On Tue, Feb 27, 2024 at 3:10 PM Scott Ribe <scott_ribe@elevated-dev.com> wrote:
Something is causing our WAL to grow 160GB/hour *faster* than archiving. (Archiving appears to be working normally.) This started in the past couple of days.

I am having some trouble finding the cause of this. I am looking at pg_stat_statements, # calls, time, shared blocks written. I am also looking at recent client app deployments.

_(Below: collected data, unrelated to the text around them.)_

(* Let $n\ge 2$ and let $\mathcal{F}$ be a maximal coclique of $\Gamma_{2n}$. Any two $\mathcal{F}$-red $(n-1)$-spaces meet (have nonempty intersection). Any two $\mathcal{F}$-red $n$-spaces are not in general position, i.e. they do not meet in just a point.
   Context: $\mathrm{PG}(2n,q)$ is the projective space of projective dimension $2n$ over the field of order $q$; an $i$-space is a subspace of projective dimension $i$. An $(n-1,n)$-flag is a pair $(A,B)$ with $A$ an $(n-1)$-space, $B$ an $n$-space and $A\subseteq B$. Two such flags $(A_1,B_1),(A_2,B_2)$ are opposite if $A_1\cap B_2=A_2\cap B_1=\emptyset$. $\Gamma_{2n}$ is the graph whose vertices are the $(n-1,n)$-flags, adjacent when opposite; a maximal coclique is an inclusion-maximal set of pairwise non-opposite flags. An $n$-space or $(n-1)$-space is $\mathcal{F}$-red if it occurs in exactly $\frac{q^{n+1}-1}{q-1}$ flags of $\mathcal{F}$. Two $n$-spaces of $\mathrm{PG}(2n,q)$ are in general position if they span the whole space, equivalently meet in exactly a point. *)

theory Defs
  imports "HOL-Analysis.Analysis"
begin

text \<open>PG(2n,q) is modelled by the vector space 'a^'d over a finite field 'a
  with CARD('d) = 2n+1; a projective i-space is a vector subspace of dimension i+1.
  The empty projective subspace corresponds to the zero subspace {0}.\<close>

definition proj_space :: "nat \<Rightarrow> ('a::field ^ 'd) set \<Rightarrow> bool" where
  "proj_space i U \<longleftrightarrow> vec.subspace U \<and> vec.dim U = i + 1"

definition flags :: "nat \<Rightarrow> (('a::field ^ 'd) set \<times> ('a ^ 'd) set) set" where
  "flags n = {(A, B). proj_space (n - 1) A \<and> proj_space n B \<and> A \<subseteq> B}"

definition opposite :: "('a::field ^ 'd) set \<times> ('a ^ 'd) set \<Rightarrow> ('a ^ 'd) set \<times> ('a ^ 'd) set \<Rightarrow> bool" where
  "opposite f g \<longleftrightarrow> fst f \<inter> snd g = {0} \<and> fst g \<inter> snd f = {0}"

definition coclique :: "nat \<Rightarrow> (('a::field ^ 'd) set \<times> ('a ^ 'd) set) set \<Rightarrow> bool" where
  "coclique n F \<longleftrightarrow> F \<subseteq> flags n \<and> (\<forall>f\<in>F. \<forall>g\<in>F. \<not> opposite f g)"
text \<open>Under the same hypotheses U maps the mate
  c : X \<otimes> [X,I]^l \<rightarrow> [X,X]^l of X \<otimes> ev to an isomorphism: up to the invertible
  maps U^l_{X,X} and U_2, the image Uc is the mate attached to the left dual
  U[X,I]^l of UX, which is invertible in C.\<close>

lemma image_of_mate_iso:
  assumes lcf: "left_closed_functor D C U" and aut: "left_autonomous C" and X: "X \<in> cObj D"
    and c: "c \<in> hom D (cTen D X (cHom D X (cUnit D))) (cHom D X X)"
    and mate: "cComp D (cEv D X X) (cTenA D c (cId D X)) = cTenA D (cId D X) (cEv D X (cUnit D))"
  shows "iso C (fArr U c)"
proof -
  let ?I = "cUnit D" and ?V = "cHom D X (cUnit D)" and ?E = "cHom D X X"
  let ?A = "fObj U X" and ?UI = "fObj U (cUnit D)" and ?UlX = "closed_comparison D C U X X"
  have uV: "strict_monoidal_cat.internal_hom D X ?I ?V (cEv D X ?I)"
    and uE: "strict_monoidal_cat.internal_hom D X X ?E (cEv D X X)"
    using left_closed_internal_hom[OF D_closed] X D_unit_ob by auto
  have V: "?V \<in> cObj D" and ev1: "cEv D X ?I \<in> hom D (cTen D ?V X) ?I"
    and E: "?E \<in> cObj D" and evX: "cEv D X X \<in> hom D (cTen D ?E X) X"
    using strict_monoidal_cat.internal_hom_D[OF D_cat] uV uE by auto
  have A: "?A \<in> cObj C" using U_ob X by auto
  have UlX: "?UlX \<in> C.Hom (fObj U ?E) (cHom C ?A ?A)" "iso C ?UlX"
    "cEv C ?A ?A \<cdot> (?UlX \<otimes> C.idm ?A) = fArr U (cEv D X X) \<cdot> fTwo U ?E X"
    using closed_comparison_prop[OF X X] lcf X unfolding left_closed_functor_def by auto
  obtain u where u: "u \<in> C.Hom ?UI C.I" "u \<cdot> fZero U = C.idm C.I" "fZero U \<cdot> u = C.idm ?UI"
    using C.iso_inv U_zero by blast
  have iso_u: "iso C u" by (rule C.iso_intro[OF u(1) _ u(3) u(2)]) (use U_zero in blast)
  obtain k where dual: "C.left_dual ?A (fObj U ?V)
      (u \<cdot> (cEv C ?A ?UI \<cdot> (closed_comparison D C U X ?I \<otimes> C.idm ?A))) k"
    using image_of_internal_hom_left_dual[OF lcf aut X u(1) iso_u] by blast
  let ?s = "fTwo U X ?V"
  have s: "?s \<in> C.Hom (?A \<odot> fObj U ?V) (fObj U (cTen D X ?V))" "iso C ?s"
    using U_two[OF X V] by auto
  have Uc: "fArr U c \<in> C.Hom (fObj U (cTen D X ?V)) (fObj U ?E)" using U_hom[OF c] .
  have ucs: "fArr U c \<cdot> ?s \<in> C.Hom (?A \<odot> fObj U ?V) (fObj U ?E)" by (rule C.comp_hom[OF s(1) Uc])
  have evA: "cEv C ?A ?A \<in> C.Hom (cHom C ?A ?A \<odot> ?A) ?A"
    using C.internal_hom_D[OF left_closed_internal_hom[OF C_closed A A]] by simp
  have "cEv C ?A ?A \<cdot> ((?UlX \<cdot> (fArr U c \<cdot> ?s)) \<otimes> C.idm ?A)
      = (cEv C ?A ?A \<cdot> (?UlX \<otimes> C.idm ?A)) \<cdot> ((fArr U c \<cdot> ?s) \<otimes> C.idm ?A)"
    using C.comp_ten_idr[OF ucs UlX(1) A]
      C.comp_assoc[OF C.ten_hom[OF ucs C.id_hom[OF A]] C.ten_hom[OF UlX(1) C.id_hom[OF A]] evA] by simp
  also have "\<dots> = C.idm ?A \<otimes> (u \<cdot> (cEv C ?A ?UI \<cdot> (closed_comparison D C U X ?I \<otimes> C.idm ?A)))"
    using UlX(3) image_of_mate_equation[OF X V E ev1 evX c mate u(1,3)]
      closed_comparison_prop[OF X D_unit_ob] by simp
  finally have "iso C (?UlX \<cdot> (fArr U c \<cdot> ?s))"
    using C.mate_of_dual_iso[OF A dual left_closed_internal_hom[OF C_closed A A]
        C.comp_hom[OF ucs UlX(1)]] by blast
  then show ?thesis by (rule C.iso_cancel[OF UlX(1) Uc s(1) UlX(2) s(2)])
qed

end

theorem mainTheorem4:
  fixes D :: "('o1, 'm1) lcmc" and C :: "('o2, 'm2) lcmc" and U :: "('o1, 'm1, 'o2, 'm2) mfun"
  assumes "left_closed D" and "left_closed C"
    and "strong_monoidal_functor D C U"
    and "conservative D C U" and "left_closed_functor D C U"
    and "left_autonomous C"
  shows "left_autonomous D"
proof -
  interpret closed_strong_monoidal_functor_ctx C D U
    using assms(1-3) left_closed_cat[OF assms(2)]
    by (simp add: closed_strong_monoidal_functor_ctx_def closed_strong_monoidal_functor_ctx_axioms_def
        strong_monoidal_functor_ctx_def strong_monoidal_functor_ctx_axioms_def)
  show ?thesis unfolding strict_monoidal_cat.left_autonomous_iff[OF D_cat]
  proof
    fix X assume X: "X \<in> cObj D"
    have uV: "strict_monoidal_cat.internal_hom D X (cUnit D) (cHom D X (cUnit D)) (cEv D X (cUnit D))"
      and uE: "strict_monoidal_cat.internal_hom D X X (cHom D X X) (cEv D X X)"
      using left_closed_internal_hom[OF assms(1)] X D_unit_ob by auto
    obtain c where c: "c \<in> hom D (cTen D X (cHom D X (cUnit D))) (cHom D X X)"
      "cComp D (cEv D X X) (cTenA D c (cId D X)) = cTenA D (cId D X) (cEv D X (cUnit D))"
      using strict_monoidal_cat.mate_exists[OF D_cat X uE uV] by blast
    have "iso C (fArr U c)" by (rule image_of_mate_iso[OF assms(5,6) X c])
    then have "iso D c" using assms(4) c(1) unfolding conservative_def hom_def by blast
    then show "\<exists>W e k. strict_monoidal_cat.left_dual D X W e k"
      using strict_monoidal_cat.left_dual_from_iso_mate[OF D_cat X uE uV c] by blast
  qed
qed

end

My next step might be to use something like pg_waldump to see what's in this WAL.

Any suggestions?

--
Scott Ribe
scott_ribe@elevated-dev.com
https://www.linkedin.com/in/scottribe/






Please read our privacy policy here on how we process your personal data in accordance with the General Data Protection Regulation (EU) 2016/679 (the “GDPR”) and other applicable data protection legislation.

Re: explosive WAL growth

От
Scott Ribe
Дата:
Found it. Kubernetes cronjob task.

> On Feb 27, 2024, at 11:22 AM, Alvaro Herrera <alvherre@alvh.no-ip.org> wrote:
>
> It could be autovacuum processing large tables that haven't been
> processed in a long time, in emergency mode.  This happens if you turn
> it off and do nothing to substitute it.

We have autovacuum on, and pretty well tuned.

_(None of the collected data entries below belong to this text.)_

text \<open>Subtracting D * sin s rather than D * s keeps the remainder a trigonometric series.\<close>
lemma has_real_derivative_sin_remainder_le:
  fixes g :: "real \<Rightarrow> real"
  assumes "(g has_real_derivative D) (at t0)" "e > 0"
  obtains d where "d > 0" "\<And>s. 0 \<le> s \<Longrightarrow> s < d \<Longrightarrow> \<bar>g (t0 + s) - g t0 - D * sin s\<bar> \<le> e * s"
proof -
  have "((\<lambda>s. g (s + t0)) has_real_derivative D) (at 0)"
    using DERIV_shift[of g D 0 t0] assms(1) by simp
  then have "((\<lambda>s. g (t0 + s) - g t0 - D * sin s) has_real_derivative D - 0 - D * cos 0) (at 0)"
    by (intro DERIV_diff DERIV_const DERIV_cmult DERIV_sin) (simp add: add.commute)
  then have "((\<lambda>s. g (t0 + s) - g t0 - D * sin s) has_derivative (*) 0) (at 0)"
    by (simp add: has_field_derivative_def)
  then obtain d where "d > 0" and small: "\<forall>s. \<bar>s\<bar> < d \<longrightarrow> \<bar>g (t0 + s) - g t0 - D * sin s\<bar> \<le> e * \<bar>s\<bar>"
    using assms(2) unfolding has_derivative_at_alt by auto
  moreover have "\<bar>g (t0 + s) - g t0 - D * sin s\<bar> \<le> e * s" if "0 \<le> s" "s < d" for s
    using small that by (metis abs_of_nonneg)
  ultimately show ?thesis
    using that by blast
qed

lemma not_differentiable_Re_fpq:
  assumes p: "p > 1" and q: "q \<ge> p + 1" and \<omega>: "norm \<omega> = 1"
  shows "\<not> (\<lambda>s. Re (\<omega> * fpq p q s)) differentiable (at t0)"
proof
  let ?m = "real (avg_count p)" and ?M = "avg_const p"
  define e where "e = 1 / (8 * ?m * ?M)"
  have e: "e > 0"
    using avg_const_ge_4[OF p] avg_count_pos[of p] by (simp add: e_def)
  assume "(\<lambda>s. Re (\<omega> * fpq p q s)) differentiable (at t0)"
  then obtain D where "((\<lambda>s. Re (\<omega> * fpq p q s)) has_real_derivative D) (at t0)"
    by (auto simp: real_differentiable_def)
  then obtain d where "d > 0" and "\<And>s. 0 \<le> s \<Longrightarrow> s < d \<Longrightarrow>
      \<bar>Re (\<omega> * fpq p q (t0 + s)) - Re (\<omega> * fpq p q t0) - D * sin s\<bar> \<le> e * s"
    using has_real_derivative_sin_remainder_le[OF _ e] by blast
  then have "eventually (\<lambda>n. fpq_coeff p n \<le> 4 * e * ?m * avg_width p q n) sequentially"
    using e by (intro eventually_fpq_coeff_le_avg_width[OF p q \<omega>, where \<delta> = d]) auto
  moreover have "4 * e * ?m * avg_width p q n \<le> fpq_coeff p n / 2" for n
    using mult_left_mono[OF avg_width_le_fpq_coeff[OF p q, of n], of "4 * e * ?m"] e
      avg_const_ge_4[OF p] avg_count_pos[of p] by (simp add: e_def)
  ultimately have "eventually (\<lambda>n. fpq_coeff p n \<le> fpq_coeff p n / 2) sequentially"
    by (metis (lifting) eventually_mono order_trans)
  then show False
    using fpq_coeff_pos[of p] by (simp add: eventually_False_sequentially)
qed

> Some backup tools implement parallel archiving of WAL files, which helps
> you deal with massive accumulation of them.

We'll get that in an upgrade we're getting ready to deploy. Ironically, it might have just hidden this problem ;-)


Re: explosive WAL growth

От
Karthik Yellapragada
Дата:
Just out of curiosity, what was the job doing?

On Tue, Feb 27, 2024 at 10:49 AM Scott Ribe <scott_ribe@elevated-dev.com> wrote:
Found it. Kubernetes cronjob task.

> On Feb 27, 2024, at 11:22 AM, Alvaro Herrera <alvherre@alvh.no-ip.org> wrote:
>
> It could be autovacuum processing large tables that haven't been
> processed in a long time, in emergency mode.  This happens if you turn
> it off and do nothing to substitute it.

We have autovacuum on, and pretty well tuned.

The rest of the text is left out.